Sunday, November 15, 2009

Book 8: The Guernsey Literary and Potato Peel Pie Society

The Guernsey Literary and Potato Peel Pie Society by Mary Ann Shaffer and Annie Barrows

Occasionally I like to pretend to myself that I am not part of the mindless masses and that just because everyone else has read it or it's a #1 New York Times Bestseller or Amazon keeps trying to push it on me, doesn't necessarily mean I'll like it or that it's good. That was definitely the case with this novel. I just figured it was overhyped. Of course then I read it despite my reservations and liked it - because I'm really not as pretentious or intellectual as I like to think.

Obviously, the title sounds like quirk for the sake of quirk but the novel was actually entertaining. In a way it seemed very old-fashioned and even reminded me of Jane Austen in a way (not so much Austen's biting social satire but the small society with lots of eccentric characters, misunderstandings between people that like each other etc.) It's an epistolary novel which was almost another turn off for me. The main character is Juliet Ashton, a writer who has recently published a collection of her war time columns. She has a deprecating sense of humor and most of the funny lines are definitely from her. While trying to figure out what to write her next book about, she receives a letter from Dawsey Adams, a resident of Guernsey, a British island that had been occupied by the Germans during the war. This leads to an exchange of letters between Juliet, Dawsey and various other members of the Guernsey society until Juliet decides to pay a visit to the island.

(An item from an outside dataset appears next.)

(* Let $n>1$ and $m\geq 1$ be natural numbers, and let $p$ be one of the $m$ propositional variables of $\mathcal{L}(n,m)$. Then the formula $[1]p$ is unifiable in $\mathbf{GLP}_n$ but has no maximal unifiers in $\mathbf{GLP}_n$. Consequently, $\mathbf{GLP}_n$ (in the language $\mathcal{L}(n,m)$) has nullary unification type.
   Context: $\mathcal{L}(n,m)$ is the language of propositional polymodal logic with modalities $[0],\dots,[n-1]$ and variables $p_0,\dots,p_{m-1}$; $\langle k\rangle\phi$ abbreviates $\neg[k]\neg\phi$. $\mathbf{GLP}$ is the polymodal logic with modalities $[0],[1],[2],\dots$ axiomatized by: classical tautologies; $[k](\phi\to\psi)\to([k]\phi\to[k]\psi)$; $[k]([k]\phi\to\phi)\to[k]\phi$; $\langle j\rangle\phi\to[k]\langle j\rangle\phi$ for $j<k$; $[j]\phi\to[k]\phi$ for $j\leq k$; with rules modus ponens and necessitation ($\vdash\phi\Rightarrow\vdash[k]\phi$). $\mathbf{GLP}_n$ is the same system restricted to the modalities $[0],\dots,[n-1]$. A substitution is a map on formulas commuting with all connectives and modalities. A unifier of $\phi$ in a logic $L$ is a substitution $\sigma$ with $L\vdash\sigma(\phi)$. For unifiers, $\tau\leq\sigma$ means there is a substitution $\theta$ with $L\vdash\tau(p)\leftrightarrow\theta(\sigma(p))$ for all variables $p$; $\sigma<\tau$ means $\sigma\leq\tau$ and not $\tau\leq\sigma$. A unifier $\sigma$ of $\phi$ is maximal if there is no unifier $\tau$ of $\phi$ with $\sigma<\tau$. $L$ has finitary (resp. infinitary) unification type if every unifiable formula has a finite (resp. infinite) complete set of maximal unifiers (a set $\Sigma$ of unifiers such that every unifier is $\leq$ some member of $\Sigma$); $L$ has nullary unification type if it is neither finitary nor infinitary. *)

theory Defs
  imports Main
begin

While most of the islanders survived the occupation relatively unscathed, they were still affected by it. They were cut off for five years without news from friends and family. One of the society's founders, Elizabeth was sent to Germany for aiding a German prisoner, and still has not returned back to her friends and her young daughter. Another man also spent time in a concentration camp but came back after the war. Juliet finds herself drawn to these people, and particularly Kit, Elizabeth's young daughter. This is another part that seemed kind of on the old fashioned side to me - how quickly Juliet became a part of the community during her visit and built her friendships. Juliet soon decides to make Guernsey and the German occupation the topic of her next book.

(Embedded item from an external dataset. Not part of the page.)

(* Define $$p^{\rm Ab}_{\rm c}:=\sup\{p\in[0,1]:\lim_{n\to\infty}P^{\rm Ab}_n(p)=0\},\qquad p^{\rm aB}_{\rm c}:=\inf\{p\in[0,1]:\lim_{n\to\infty}P^{\rm aB}_n(p)=1\}.$$ Then $$\tfrac12\leq p^{\rm Ab}_{\rm c}\leq \tfrac78\qquad\text{and}\qquad \tfrac1{16}\leq p^{\rm aB}_{\rm c}\leq \tfrac12(3-\sqrt5).$$
   Context: Fix $n\geq1$. Two players, Alice and Bob, alternately make moves, Alice first, each making $n$ moves; every move is a choice from $\{1,2\}$. Write Alice's moves as $a=(a_1,\dots,a_n)$ and Bob's as $b=(b_1,\dots,b_n)$, and let $|a|_1:=\#\{k:a_k=1\}$, $|b|_1:=\#\{k:b_k=1\}$. In the game ${\rm Ab}_n(p)$ the outcome is $(a,|b|_1)$; in the game ${\rm aB}_n(p)$ the outcome is $(|a|_1,b)$. To each possible outcome a winner is assigned independently at random: Bob with probability $p$, Alice with probability $1-p$. The players know this assignment and all previous moves. $P^{\rm Ab}_n(p)$ and $P^{\rm aB}_n(p)$ denote the probabilities that Bob has a winning strategy (a rule choosing his moves as a function of previous moves that guarantees a win whatever Alice plays) in ${\rm Ab}_n(p)$ and ${\rm aB}_n(p)$. These are exactly the critical values whose existence is asserted in the sharp threshold theorem: $P^{\rm Ab}_n(p)\to0$ iff $p<p^{\rm Ab}_{\rm c}$ and $\to1$ for $p>p^{\rm Ab}_{\rm c}$; $P^{\rm aB}_n(p)\to0$ for $p<p^{\rm aB}_{\rm c}$ and $\to1$ iff $p>p^{\rm aB}_{\rm c}$. *)

theory Defs
  imports Complex_Main
begin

One thing I enjoyed about the novel was the role books played. During her book tour at thebeginning of the novel, a reporter makes an issue of a secret, broken engagement. As Juliet tells a friend of hers, the reason they ended the engagement is that when the man moved in with her, he proceeded to box up all her books, and put his sports trophies on her shelves instead. I would have kicked him out, too. It's a very enjoyable read so if anyone else has similar hesitance due to all the hype, I would definitely recommend giving it a shot.